Behavioural theories of depression like that of Ferster (1960) and Lewinsohn (1974) suggest it is lack of positive reinforcement, which in turn causes depression. For instance, the increased loss of someone you care about may cause despair due to lack of the positive reinforcement, this can also happen with the loss of employment. Lewinsohn also suggested that whenever others supply the stressed out person attention this reinforces their depressive symptoms and behavior. Yet, in turn when you can find lack of attention by family or friends and insufficient reinforcement this may evenly exacerbate depressive symptoms. He also suggested that people that have too little cultural skills were at a greater threat of becoming stressed out because they lacked communal reinforcement. Lewinsohn and his colleague MacPhillamy also found that folks who are experiencing depressive disorder believe that they may have far fewer enjoyable experiences than those who find themselves not depressed. However, they also suggested that it was the melancholy, which was making people less likely to take part in enjoyable activities. This causes question whether depressive disorder causes negative thinking and perceptions or that the negative perceptions were the reason for the depressive disorder. (McIlveen, 1996) Lewinsohn's theory is a definite exemplory case of operant conditioning as the individual who have depressive symptoms then gets reinforcement for these people by attention from others; this motivates the behaviour to be repeated. Conversely, there are a few definite criticisms that may be made towards Lewinsohn's model. Blaney (1977) suggested that certain of the primary problems with the model is that it can't be tested or proved affectively, and this Lewinsohn's theory was predicated on observation and that he used 'analogue content. ' (Clark, 1999) Quite simply, he centered his work on similar studies which have been done before on the reason for depression. Therefore, in this way Lewinsohn's model lacks target. His theory focuses more on explanation of what depressive symptoms take place when someone lacks or does not engage in pleasurable activities than actually pin- directing the cause of the despair to begin with.

In conclusion, it is good to say that there is no one cause of depression. Both behavioural and cognitive- behavioural theories seem to have very good face validity to such that you could apply those to 'real- life' situations and circumstance studies of these with melancholy.

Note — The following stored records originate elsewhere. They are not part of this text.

(* Let $S=\begin{pmatrix}A&B\\C&D\end{pmatrix}\in\mathrm{Sp}(d,\mathbb R)$. Then $\mathbb R^d=\ker(B)^\perp\oplus D^TA(\ker(B))$.
   Context: $\mathrm{Sp}(d,\mathbb R)$ is the group of real $2d\times 2d$ matrices $S$ with $S^TJS=J$, $J=\begin{pmatrix}0_d&I_d\\-I_d&0_d\end{pmatrix}$, written in $d\times d$ blocks $A,B,C,D$. $\ker(B)^\perp$ is the orthogonal complement of the kernel of $B$ for the standard inner product; $\oplus$ denotes a (not necessarily orthogonal) direct sum. *)

theory Defs
  imports "HOL-Analysis.Analysis"
begin

text \<open>Real 2d x 2d matrices are indexed by the sum type 'n + 'n, with d = CARD('n);
  the first copy (Inl) indexes the first d coordinates, the second (Inr) the last d.\<close>

definition symplJ :: "real ^ ('n::finite + 'n) ^ ('n + 'n)" where
  "symplJ = (\<chi> i j. case (i, j) of
       (Inl a, Inr b) \<Rightarrow> (if a = b then 1 else 0)
     | (Inr a, Inl b) \<Rightarrow> (if a = b then -1 else 0)
     | _ \<Rightarrow> 0)"

definition Sp :: "(real ^ ('n::finite + 'n) ^ ('n + 'n)) set" where
  "Sp = {S. transpose S ** symplJ ** S = symplJ}"

definition blkA :: "real ^ ('n::finite + 'n) ^ ('n + 'n) \<Rightarrow> real ^ 'n ^ 'n" where
  "blkA S = (\<chi> i j. S $ Inl i $ Inl j)"
definition blkB :: "real ^ ('n::finite + 'n) ^ ('n + 'n) \<Rightarrow> real ^ 'n ^ 'n" where
  "blkB S = (\<chi> i j. S $ Inl i $ Inr j)"
definition blkC :: "real ^ ('n::finite + 'n) ^ ('n + 'n) \<Rightarrow> real ^ 'n ^ 'n" where
  "blkC S = (\<chi> i j. S $ Inr i $ Inl j)"
definition blkD :: "real ^ ('n::finite + 'n) ^ ('n + 'n) \<Rightarrow> real ^ 'n ^ 'n" where
  "blkD S = (\<chi> i j. S $ Inr i $ Inr j)"

definition mat_kernel :: "real ^ 'n ^ 'm \<Rightarrow> (real ^ 'n) set" where
  "mat_kernel M = {x. M *v x = 0}"

definition is_direct_sum :: "'a::real_vector set \<Rightarrow> 'a set \<Rightarrow> 'a set \<Rightarrow> bool" where
  "is_direct_sum X U V \<longleftrightarrow> subspace U \<and> subspace V \<and> U \<inter> V = {0} \<and>
     X = {u + v | u v. u \<in> U \<and> v \<in> V}"

end

theory Submission imports Defs begin

text \<open>The symplectic relation \<open>S\<^sup>T J S = J\<close>, read in the upper right block, gives
  \<open>D\<^sup>T A = I + B\<^sup>T C\<close>. Hence on \<open>ker B\<close> the map \<open>D\<^sup>T A\<close> is the identity plus a map into
  \<open>ran B\<^sup>T \<subseteq> (ker B)\<^sup>\<bottom>\<close>, so \<open>D\<^sup>T A (ker B)\<close> is the graph of a linear map
  \<open>ker B \<rightarrow> (ker B)\<^sup>\<bottom>\<close>. Any such graph is a complement of \<open>(ker B)\<^sup>\<bottom>\<close>,
  because \<open>ker B\<close> itself is.\<close>

lemma is_direct_sum_orthogonal_comp_graph:
  fixes K :: "'a::euclidean_space set"
  assumes K: "subspace K" and f: "linear f"
    and graph: "\<And>x. x \<in> K \<Longrightarrow> f x - x \<in> orthogonal_comp K"
  shows "is_direct_sum UNIV (orthogonal_comp K) (f ` K)"
  unfolding is_direct_sum_def
proof (intro conjI subspace_orthogonal_comp linear_subspace_image[OF f K])
  show "orthogonal_comp K \<inter> f ` K = {0}"
  proof (intro equalityI subsetI)
    fix y assume "y \<in> orthogonal_comp K \<inter> f ` K"
    then obtain x where x: "x \<in> K" and y: "y = f x" "y \<in> orthogonal_comp K" by blast
    have "x = y - (f x - x)" using y by simp
    also have "\<dots> \<in> orthogonal_comp K"
      using y(2) graph[OF x] by (rule subspace_diff[OF subspace_orthogonal_comp])
    finally have "x = 0" using x orthogonal_Int_0[OF K] by blast
    then show "y \<in> {0}" using y f by (simp add: linear_0)
  next
    fix y :: 'a assume "y \<in> {0}"
    then show "y \<in> orthogonal_comp K \<inter> f ` K"
      using subspace_0[OF K] subspace_0[OF subspace_orthogonal_comp] linear_0[OF f]
      by (metis IntI image_eqI singletonD)
  qed
  show "UNIV = {u + v | u v. u \<in> orthogonal_comp K \<and> v \<in> f ` K}"
  proof (intro equalityI subsetI)
    fix y :: 'a
    obtain x w where x: "x \<in> K" and w: "w \<in> orthogonal_comp K" and "y = x + w"
      using subspace_sum_orthogonal_comp[OF K] set_plus_elim by (metis UNIV_I)
    then have "y = (w - (f x - x)) + f x" by simp
    moreover have "w - (f x - x) \<in> orthogonal_comp K"
      using w graph[OF x] by (rule subspace_diff[OF subspace_orthogonal_comp])
    ultimately show "y \<in> {u + v | u v. u \<in> orthogonal_comp K \<and> v \<in> f ` K}"
      using x by blast
  qed simp
qed

lemma subspace_mat_kernel: "subspace (mat_kernel M)"
  unfolding subspace_def mat_kernel_def
  by (simp add: matrix_vector_right_distrib matrix_vector_mult_scaleR)

lemma transpose_mult_in_orthogonal_comp_mat_kernel:
  "transpose M *v z \<in> orthogonal_comp (mat_kernel M)"
  unfolding orthogonal_comp_def orthogonal_def mat_kernel_def
  by (simp add: vector_transpose_matrix inner_commute[of _ "z v* M"] dot_lmul_matrix)

lemma sum_UNIV_Plus:
  "sum f (UNIV :: ('a::finite + 'b::finite) set) = (\<Sum>a\<in>UNIV. f (Inl a)) + (\<Sum>b\<in>UNIV. f (Inr b))"
  using sum.Plus[of "UNIV::'a set" "UNIV::'b set" f] by (simp add: comp_def)

lemma symplectic_form_Inl_Inr:
  fixes S :: "real ^ ('n::finite + 'n) ^ ('n + 'n)"
  shows "(transpose S ** symplJ ** S) $ Inl j $ Inr i =
    (\<Sum>k\<in>UNIV. S $ Inl k $ Inl j * S $ Inr k $ Inr i - S $ Inr k $ Inl j * S $ Inl k $ Inr i)"
  by (simp add: matrix_matrix_mult_def transpose_def symplJ_def sum_UNIV_Plus sum_subtractf sum_negf
      if_distrib[of "\<lambda>x. _ * x"] if_distrib[of "\<lambda>x. x * _"] cong: if_cong)

lemma Sp_upper_right_block_eq:
  fixes S :: "real ^ ('n::finite + 'n) ^ ('n + 'n)"
  assumes "S \<in> Sp"
  shows "transpose (blkD S) ** blkA S - transpose (blkB S) ** blkC S = mat 1"
proof -
  have "(\<Sum>k\<in>UNIV. S $ Inl k $ Inl j * S $ Inr k $ Inr i)
      - (\<Sum>k\<in>UNIV. S $ Inl k $ Inr i * S $ Inr k $ Inl j) = (if j = i then 1 else 0)" for i j :: 'n
    using assms symplectic_form_Inl_Inr[of S j i]
    by (simp add: Sp_def symplJ_def sum_subtractf mult.commute)
  then show ?thesis
    by (simp add: vec_eq_iff matrix_matrix_mult_def transpose_def blkA_def blkB_def blkC_def blkD_def
        mat_def mult.commute)
qed

theorem lemma3p6:
  fixes S :: "real ^ ('n::finite + 'n) ^ ('n + 'n)"
  assumes "S \<in> Sp"
  shows "is_direct_sum (UNIV :: (real ^ 'n) set)
           (orthogonal_comp (mat_kernel (blkB S)))
           ((\<lambda>x. (transpose (blkD S) ** blkA S) *v x) ` mat_kernel (blkB S))"
proof (rule is_direct_sum_orthogonal_comp_graph[OF subspace_mat_kernel])
  show "linear (\<lambda>x. (transpose (blkD S) ** blkA S) *v x)"
    by (rule matrix_vector_mul_linear)
  fix x
  have "(transpose (blkD S) ** blkA S) *v x - x = transpose (blkB S) *v (blkC S *v x)"
    using arg_cong[OF Sp_upper_right_block_eq[OF assms], of "\<lambda>M. M *v x"]
    by (simp add: matrix_vector_mult_diff_rdistrib matrix_vector_mul_assoc algebra_simps)
  then show "(transpose (blkD S) ** blkA S) *v x - x \<in> orthogonal_comp (mat_kernel (blkB S))"
    using transpose_mult_in_orthogonal_comp_mat_kernel[of "blkB S" "blkC S *v x"] by simp
qed

end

Yet, both theories do likewise have their flaws, the key one being that both do not concentrate on biological or genetic causes for depression. The NIMH (National Institute of Mental health) agrees that it is most definitely a mixture of cognitive, genetic and environment factors, that contribute to the cause of depression. (NIMH, 2009) Consequently, all mental health problems are sophisticated and depression is no exception, therefore it cannot have a singular, simple description.